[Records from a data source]
+++

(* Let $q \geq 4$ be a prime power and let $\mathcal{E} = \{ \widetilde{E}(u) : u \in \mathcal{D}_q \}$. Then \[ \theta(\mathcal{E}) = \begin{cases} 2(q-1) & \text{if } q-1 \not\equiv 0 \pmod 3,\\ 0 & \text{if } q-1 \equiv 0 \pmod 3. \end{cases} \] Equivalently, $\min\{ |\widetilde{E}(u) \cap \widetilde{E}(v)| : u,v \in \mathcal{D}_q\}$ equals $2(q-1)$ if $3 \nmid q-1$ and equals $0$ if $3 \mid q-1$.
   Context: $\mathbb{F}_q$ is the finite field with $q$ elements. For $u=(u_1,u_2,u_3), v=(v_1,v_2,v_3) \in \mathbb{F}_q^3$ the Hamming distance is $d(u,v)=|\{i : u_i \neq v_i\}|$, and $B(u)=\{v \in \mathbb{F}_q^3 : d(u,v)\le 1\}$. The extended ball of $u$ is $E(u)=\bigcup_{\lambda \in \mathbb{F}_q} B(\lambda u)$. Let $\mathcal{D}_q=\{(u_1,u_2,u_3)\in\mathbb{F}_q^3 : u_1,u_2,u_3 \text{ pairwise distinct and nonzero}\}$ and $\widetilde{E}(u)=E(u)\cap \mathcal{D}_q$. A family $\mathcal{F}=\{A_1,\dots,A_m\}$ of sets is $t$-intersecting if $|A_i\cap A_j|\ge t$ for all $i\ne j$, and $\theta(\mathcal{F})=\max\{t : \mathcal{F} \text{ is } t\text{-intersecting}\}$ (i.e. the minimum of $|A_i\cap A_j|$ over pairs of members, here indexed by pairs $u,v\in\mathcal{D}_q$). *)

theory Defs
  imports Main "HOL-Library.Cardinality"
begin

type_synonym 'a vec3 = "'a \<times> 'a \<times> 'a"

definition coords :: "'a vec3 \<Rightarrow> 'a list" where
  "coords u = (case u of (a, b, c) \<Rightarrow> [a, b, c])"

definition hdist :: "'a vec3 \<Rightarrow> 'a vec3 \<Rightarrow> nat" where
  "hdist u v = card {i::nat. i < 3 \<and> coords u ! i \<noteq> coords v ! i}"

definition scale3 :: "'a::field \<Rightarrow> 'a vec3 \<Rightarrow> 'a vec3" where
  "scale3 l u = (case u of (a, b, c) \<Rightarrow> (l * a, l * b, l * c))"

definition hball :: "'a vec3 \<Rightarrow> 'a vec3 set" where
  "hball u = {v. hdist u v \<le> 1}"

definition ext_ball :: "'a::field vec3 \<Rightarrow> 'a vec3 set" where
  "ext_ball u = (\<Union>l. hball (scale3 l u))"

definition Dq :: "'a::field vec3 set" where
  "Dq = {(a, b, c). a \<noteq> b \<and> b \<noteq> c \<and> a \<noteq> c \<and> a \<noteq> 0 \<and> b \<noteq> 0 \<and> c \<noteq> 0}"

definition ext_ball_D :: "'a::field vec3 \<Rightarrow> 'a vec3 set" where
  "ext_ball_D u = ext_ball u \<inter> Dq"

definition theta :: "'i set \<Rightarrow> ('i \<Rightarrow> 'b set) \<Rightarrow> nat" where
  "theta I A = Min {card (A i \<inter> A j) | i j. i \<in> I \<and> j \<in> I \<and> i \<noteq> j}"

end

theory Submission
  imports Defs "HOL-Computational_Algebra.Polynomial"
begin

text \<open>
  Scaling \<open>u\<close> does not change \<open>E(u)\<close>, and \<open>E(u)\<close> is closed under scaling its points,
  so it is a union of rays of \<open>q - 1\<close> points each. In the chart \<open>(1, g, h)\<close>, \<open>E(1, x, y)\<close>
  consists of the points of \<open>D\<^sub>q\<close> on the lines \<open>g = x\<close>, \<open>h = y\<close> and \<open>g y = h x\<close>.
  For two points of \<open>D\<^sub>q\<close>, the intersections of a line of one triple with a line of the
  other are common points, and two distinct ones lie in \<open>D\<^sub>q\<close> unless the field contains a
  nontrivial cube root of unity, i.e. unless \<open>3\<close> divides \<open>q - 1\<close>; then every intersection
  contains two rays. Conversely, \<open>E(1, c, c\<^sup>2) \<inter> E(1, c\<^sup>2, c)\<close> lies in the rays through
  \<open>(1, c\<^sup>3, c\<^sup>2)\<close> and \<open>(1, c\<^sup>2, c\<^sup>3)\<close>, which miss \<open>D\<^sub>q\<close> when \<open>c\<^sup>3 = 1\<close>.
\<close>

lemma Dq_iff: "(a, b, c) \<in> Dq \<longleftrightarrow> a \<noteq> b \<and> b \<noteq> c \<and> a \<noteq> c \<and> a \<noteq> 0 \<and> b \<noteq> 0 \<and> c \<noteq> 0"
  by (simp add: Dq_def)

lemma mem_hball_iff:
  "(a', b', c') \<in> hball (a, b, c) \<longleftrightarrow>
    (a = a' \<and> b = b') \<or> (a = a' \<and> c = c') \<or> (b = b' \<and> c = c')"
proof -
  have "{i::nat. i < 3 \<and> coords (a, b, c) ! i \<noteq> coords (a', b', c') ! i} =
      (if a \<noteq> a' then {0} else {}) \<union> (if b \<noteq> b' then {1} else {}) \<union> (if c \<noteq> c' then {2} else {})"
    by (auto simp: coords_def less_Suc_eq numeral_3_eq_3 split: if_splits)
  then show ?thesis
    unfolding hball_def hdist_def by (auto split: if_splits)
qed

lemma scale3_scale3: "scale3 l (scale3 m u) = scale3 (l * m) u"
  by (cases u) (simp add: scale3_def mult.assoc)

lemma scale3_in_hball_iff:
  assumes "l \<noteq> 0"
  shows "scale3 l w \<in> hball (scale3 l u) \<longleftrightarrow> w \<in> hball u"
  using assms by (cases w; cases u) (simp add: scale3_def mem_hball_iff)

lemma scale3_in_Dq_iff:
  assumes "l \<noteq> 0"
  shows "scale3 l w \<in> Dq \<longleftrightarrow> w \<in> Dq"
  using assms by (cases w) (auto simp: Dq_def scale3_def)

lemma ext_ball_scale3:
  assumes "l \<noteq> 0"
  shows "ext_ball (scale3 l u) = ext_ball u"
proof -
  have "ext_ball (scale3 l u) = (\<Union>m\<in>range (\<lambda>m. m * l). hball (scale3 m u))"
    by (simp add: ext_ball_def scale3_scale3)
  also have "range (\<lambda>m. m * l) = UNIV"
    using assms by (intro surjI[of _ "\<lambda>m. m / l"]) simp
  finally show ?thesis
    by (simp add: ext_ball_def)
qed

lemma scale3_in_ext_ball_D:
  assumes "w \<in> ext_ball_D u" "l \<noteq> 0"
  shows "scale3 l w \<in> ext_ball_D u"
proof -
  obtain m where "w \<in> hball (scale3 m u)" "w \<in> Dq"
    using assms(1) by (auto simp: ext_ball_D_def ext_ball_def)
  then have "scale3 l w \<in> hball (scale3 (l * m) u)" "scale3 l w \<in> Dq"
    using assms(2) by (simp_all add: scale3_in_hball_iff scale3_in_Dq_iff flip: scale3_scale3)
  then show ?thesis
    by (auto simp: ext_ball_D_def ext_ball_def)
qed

+++

§ **What you will do**
Every line from the one containing "by (simp add: ext_ball_def)" through the end of the data must be repeated exactly, and no other line.

§ **Answer to this problem**
    by (simp add: ext_ball_def)
qed

lemma scale3_in_ext_ball_D:
  assumes "w \<in> ext_ball_D u" "l \<noteq> 0"
  shows "scale3 l w \<in> ext_ball_D u"
proof -
  obtain m where "w \<in> hball (scale3 m u)" "w \<in> Dq"
    using assms(1) by (auto simp: ext_ball_D_def ext_ball_def)
  then have "scale3 l w \<in> hball (scale3 (l * m) u)" "scale3 l w \<in> Dq"
    using assms(2) by (simp_all add: scale3_in_hball_iff scale3_in_Dq_iff flip: scale3_scale3)
  then show ?thesis
    by (auto simp: ext_ball_D_def ext_ball_def)
qed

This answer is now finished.